The UK government is one of the most vociferous critics of the EC draft data protection Regulation which aims to create a new harmonised European data protection framework. However it is certainly not the only government, nor the only regulatory authority to suggest that some of the key proposals in the regulation are either overly prescriptive or simply unworkable.
One of the most controversial proposals is the ‘right to be forgotten’. This gives internet users the right to request deletion of their online personal data in some circumstances. They can request deletion when the data is no longer necessary in relation to the purposes for which it was collected or simply when the data internet users withdraw their consent or objects to their data being stored. On the surface this seems like a promising step forward in protecting personal data. However, in reality, wide exceptions to this right are provided to protect freedom of expression, public interest and public health. For example data will be exempt from this provision if it is collected for historical, statistical or research purposes.
This leads to genuine concerns that the regulation will end up as nothing more than a ‘right to be frustrated’. Internet users will discover that the scope of carve-outs means that the ‘right to be forgotten’ offers shallow promises. Additionally, even where the right can be upheld, it will cause serious issues for online businesses. These organisations will find themselves trying to take down data that has been onwards published by third parties over whom they have no control.
The provisions are onerous, and potentially unworkable for online businesses which may have to trawl through records both in electronic form and hard copy, searching for and deleting references. It is difficult to see how ISPs, hosting platforms and social media networks, in particular, will be able to comply. In addition, it is unclear as to how the exceptions to the right would apply. How are organisations to assess whether or not they fall within one?

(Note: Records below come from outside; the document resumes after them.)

(* Let $A$ be a $C^*$-algebra and $J$ a norm-dense right ideal in $A$. Suppose that there exists a linear functional $\tau:J\to\mathbb{C}$ such that (i) $\tau(ab)=\tau(ba)$ for all $a,b\in J$, and (ii) if $c\in J$ and $\tau(c^*c)=0$ then $c=0$. Then $A$ is quasi-directly finite.
   Context: For $a,b$ in a ring $R$ (not necessarily unital), $a\diamond b := a+b-ab$; if $a\diamond b=0$ then $a$ is a left quasi-inverse of $b$ and $b$ a right quasi-inverse of $a$. A ring $R$ is quasi-directly finite if every element having a left quasi-inverse in $R$ also has a right quasi-inverse in $R$; an algebra is quasi-directly finite if its underlying ring is. *)

theory Defs
  imports "HOL-Analysis.Analysis"
begin

class complex_vector = real_vector +
  fixes cscale :: "complex \<Rightarrow> 'a \<Rightarrow> 'a" (infixr \<open>*\<^sub>C\<close> 75)
  assumes cscale_add_right: "a *\<^sub>C (x + y) = a *\<^sub>C x + a *\<^sub>C y"
    and cscale_add_left: "(a + b) *\<^sub>C x = a *\<^sub>C x + b *\<^sub>C x"
    and cscale_cscale: "a *\<^sub>C (b *\<^sub>C x) = (a * b) *\<^sub>C x"
    and cscale_one: "1 *\<^sub>C x = x"
    and scaleR_cscale: "scaleR r x = complex_of_real r *\<^sub>C x"

text \<open>The underlying ring is the
  (non-unital) class ring contained in real_normed_algebra, which also
  provides the submultiplicativity of the norm.\<close>
class cstar_algebra = complex_vector + real_normed_algebra + banach +
  fixes cstar :: "'a \<Rightarrow> 'a"
  assumes norm_cscale: "norm (a *\<^sub>C x) = cmod a * norm x"
    and cscale_mult_left: "(a *\<^sub>C x) * y = a *\<^sub>C (x * y)"
    and cscale_mult_right: "x * (a *\<^sub>C y) = a *\<^sub>C (x * y)"
    and cstar_cstar: "cstar (cstar x) = x"
    and cstar_add: "cstar (x + y) = cstar x + cstar y"
    and cstar_cscale: "cstar (a *\<^sub>C x) = cnj a *\<^sub>C cstar x"
    and cstar_mult: "cstar (x * y) = cstar y * cstar x"
    and cstar_identity: "norm (cstar x * x) = norm x ^ 2"

definition qcirc :: "'a::ring \<Rightarrow> 'a \<Rightarrow> 'a" where
  "qcirc a b = a + b - a * b"

definition quasi_directly_finite :: "'a::ring itself \<Rightarrow> bool" where
  "quasi_directly_finite _ \<longleftrightarrow>
     (\<forall>b::'a. (\<exists>a. qcirc a b = 0) \<longrightarrow> (\<exists>c. qcirc b c = 0))"

definition right_ideal :: "'a::cstar_algebra set \<Rightarrow> bool" where
  "right_ideal J \<longleftrightarrow> 0 \<in> J \<and> (\<forall>x\<in>J. \<forall>y\<in>J. x + y \<in> J)
     \<and> (\<forall>c. \<forall>x\<in>J. c *\<^sub>C x \<in> J) \<and> (\<forall>x\<in>J. \<forall>a. x * a \<in> J)"
(* Let $d\ge1$ and $C\subset\mathbb R^d$ an adapted cone, and set $a=\mathbb P(\xi_1\in C)^{-1}$. If $\mathbb E\big(\Vert\xi_1\Vert^2a^{\Vert\xi_1\Vert^2}\big)<\infty$, then $\mathbb P(T_C>n)\ge a^{-n}$ for all $n$, and $\mathbb P\big(\max_{1\le i\le n}\Vert\xi_i\Vert>\sqrt n\,\big|\,T_C>n\big)\to0$ as $n\to\infty$.
   Context: $(\xi_n)_{n\ge1}$ i.i.d. random vectors in $\mathbb R^d$ with mean zero and covariance $\sigma^2I_d$, $\sigma^2>0$; $S_n=\xi_1+\cdots+\xi_n$. A linear cone $C$ ($\lambda C=C$ for all $\lambda>0$) is adapted if convex, with non-empty interior, and $\mathbb P(\xi_1\in C\setminus\{0\})>0$. $T_C=\inf\{n\ge1:S_n\notin C\}$. *)

theory Defs
  imports "HOL-Probability.Probability"
begin

definition partial_sum :: "(nat \<Rightarrow> 'a \<Rightarrow> 'd::real_vector) \<Rightarrow> nat \<Rightarrow> 'a \<Rightarrow> 'd" where
  "partial_sum \<xi> n \<omega> = (\<Sum>i\<in>{1..n}. \<xi> i \<omega>)"

definition exit_time :: "(nat \<Rightarrow> 'a \<Rightarrow> 'd::real_vector) \<Rightarrow> 'd set \<Rightarrow> 'a \<Rightarrow> enat" where
  "exit_time \<xi> C \<omega> =
     (if \<exists>n\<ge>1. partial_sum \<xi> n \<omega> \<notin> C
      then enat (LEAST n. n \<ge> 1 \<and> partial_sum \<xi> n \<omega> \<notin> C) else \<infinity>)"

definition linear_cone :: "'d::real_vector set \<Rightarrow> bool" where
  "linear_cone C \<longleftrightarrow> (\<forall>c::real. c > 0 \<longrightarrow> (\<lambda>x. c *\<^sub>R x) ` C = C)"

end

theory Submission
  imports Defs
begin

(* Let p = P(xi_1 \<in> C) > 0 and a = 1/p.  The proof has two parts.

   A linear convex cone is closed under addition, so if every
   increment xi_1, ..., xi_n lies in C then so does every partial sum, hence
   {T_C > n} contains {xi_1 \<in> C, ..., xi_n \<in> C}, whose probability is p^n by
   independence and identical distribution.  Thus P(T_C > n) \<ge> p^n = a^(-n).

   By the union bound and identical distribution,
     P(max_i |xi_i| > sqrt n, T_C > n) \<le> n P(|xi_1|^2 > n),
   so the conditional probability is at most n a^n P(Y > n) with Y = |xi_1|^2.
   On {Y > n} we have n a^n \<le> Y a^Y, so this is bounded by the integral of
   Y a^Y over {Y > n}, which tends to 0 by dominated convergence since Y a^Y
   is integrable by the moment hypothesis.

   Neither argument uses the mean, covariance or interior hypotheses. *)

text \<open>A linear cone that is convex is closed under addition: x + y = 2 ((x + y) / 2).\<close>
lemma linear_cone_add_closed:
  assumes "linear_cone C" "convex C" "x \<in> C" "y \<in> C"
  shows "x + y \<in> C"
proof -
  have mid: "(1/2::real) *\<^sub>R x + (1/2::real) *\<^sub>R y \<in> C"
    using assms(2-4) by (intro convexD) auto
  have "(\<lambda>x. (2::real) *\<^sub>R x) ` C = C"
    using assms(1) unfolding linear_cone_def by auto
  hence "(2::real) *\<^sub>R ((1/2::real) *\<^sub>R x + (1/2::real) *\<^sub>R y) \<in> C"
    using mid by blast
  thus ?thesis by (simp add: scaleR_add_right)
qed

lemma partial_sum_in_cone:
  assumes cone: "linear_cone C" and conv: "convex C"
    and incr: "\<forall>i\<in>{1..n}. \<xi> i \<omega> \<in> C"
  shows "k \<in> {1..n} \<Longrightarrow> partial_sum \<xi> k \<omega> \<in> C"
proof (induction k)
  case 0
  then show ?case by simp
next
  case (Suc k)
  show ?case
  proof (cases "k = 0")
    case True
    then show ?thesis using incr Suc by (simp add: partial_sum_def)
  next
    case False
    have "partial_sum \<xi> (Suc k) \<omega> = partial_sum \<xi> k \<omega> + \<xi> (Suc k) \<omega>"
      by (simp add: partial_sum_def)
    moreover have "partial_sum \<xi> k \<omega> \<in> C" using Suc False by auto
    moreover have "\<xi> (Suc k) \<omega> \<in> C" using Suc incr by auto
    ultimately show ?thesis using linear_cone_add_closed[OF cone conv] by simp
  qed
qed

lemma exit_time_gt_iff:
  "exit_time \<xi> C \<omega> > enat n \<longleftrightarrow> (\<forall>k\<in>{1..n}. partial_sum \<xi> k \<omega> \<in> C)"
proof (cases "\<exists>m\<ge>1. partial_sum \<xi> m \<omega> \<notin> C")
  case True
  define L where "L = (LEAST m. m \<ge> 1 \<and> partial_sum \<xi> m \<omega> \<notin> C)"
  have L: "L \<ge> 1" "partial_sum \<xi> L \<omega> \<notin> C"
    unfolding L_def using True by (metis (mono_tags, lifting) LeastI)+
  have L_min: "L \<le> k" if "k \<ge> 1" "partial_sum \<xi> k \<omega> \<notin> C" for k
    unfolding L_def using that by (simp add: Least_le)
  have "exit_time \<xi> C \<omega> = enat L"
    using True by (simp add: exit_time_def L_def)
  moreover have "n < L \<longleftrightarrow> (\<forall>k\<in>{1..n}. partial_sum \<xi> k \<omega> \<in> C)"
    using L L_min by (meson atLeastAtMost_iff not_le order_trans)
  ultimately show ?thesis by simp
next
  case False
  then have "exit_time \<xi> C \<omega> = \<infinity>" by (simp add: exit_time_def)
  then show ?thesis using False by auto
qed

lemma partial_sum_measurable:
  fixes \<xi> :: "nat \<Rightarrow> 'a \<Rightarrow> 'd::euclidean_space"
  assumes "\<And>i. i \<ge> 1 \<Longrightarrow> \<xi> i \<in> borel_measurable M"
  shows "partial_sum \<xi> k \<in> borel_measurable M"
  unfolding partial_sum_def by (intro borel_measurable_sum) (auto intro: assms)

lemma exit_time_survival_event_sets:
  fixes \<xi> :: "nat \<Rightarrow> 'a \<Rightarrow> 'd::euclidean_space"
  assumes rv: "\<And>i. i \<ge> 1 \<Longrightarrow> \<xi> i \<in> borel_measurable M" and C: "C \<in> sets borel"
  shows "{\<omega>\<in>space M. exit_time \<xi> C \<omega> > enat n} \<in> sets M"
proof -
  have "{\<omega>\<in>space M. partial_sum \<xi> k \<omega> \<in> C} \<in> sets M" for k
    using measurable_sets[OF partial_sum_measurable[OF rv] C]
    by (simp add: vimage_def Int_def conj_commute)
  then show ?thesis
    unfolding exit_time_gt_iff by (intro sets.sets_Collect_finite_All) auto
qed

lemma sqrt_less_norm_iff: "sqrt (real n) < norm x \<longleftrightarrow> real n < (norm x)\<^sup>2"
  by (metis abs_of_nonneg norm_ge_zero real_sqrt_abs real_sqrt_less_iff)

context prob_space
begin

The right to be forgotten is so contentious that the UK government was reported to have requested an opt-out. The Ministry of Justice said: “the UK does not support the right to be forgotten as proposed by the European Commission. The title raises unrealistic and unfair expectations [for internet users]. We are also concerned about potentially impossible requirements for [businesses] to manage third-party erasure”.
The right to be forgotten is by no means the only proposal in the regulation which has been deemed overly prescriptive or unworkable. While it attracts fewer headlines, the current prescriptive requirements for reporting data protection security breaches could be of even greater concern for UK businesses.
As currently drafted, the measure gives organisations just 24 hours to report a security breach to the relevant supervisory authority. In addition, customers must be notified of any breach liable to have an adverse effect unless the data business can demonstrate that it has taken suitable steps to protect the leaked data.
The problems here are obvious: there is no exception for breaches of a relatively trivial nature. This mean businesses will have to notify the relevant data protection authority (DPA) each time there is a security breach. If this happens, the DPAs will be inundated with notifications which they will quite simply not be able to deal with. This over reporting could, ultimately result in ‘breach fatigue’ where business and public alike become de-sensitised to the very real risks of data breach.
It is also virtually inconceivable that businesses and DPAs will be able to cooperate to deal with informing customers of breaches within the given time frames. Even the EU appears to have acknowledged that the time frames specified are unfeasible and it is probable that they will be relaxed in the next draft.
The UK’s Information Commissioner (ICO) has repeatedly criticised the draft data protection Regulation for being overly prescriptive and concentrating too much on processes rather than outcome.
Both businesses and NRAs will be subject to increased administrative obligations which will lead to increased costs. The UK government has estimated that far from saving money, the annual net cost to the UK alone of implementing the regulation will be between £100 million and £360 million per year with SMEs bearing the brunt of this.
The House of Commons Justice Committee also expects the ICO to face a funding shortfall of around £40 million on the introduction of the Regulation. In the current economy, financial demands of this nature may very well render many of the proposed reforms unworkable at the most basic level.
Sally Annereau is a data protection analyst and Debbie Haywood is a professional support lawyer and Taylor Wessing, a law firm which specialises in IT issues.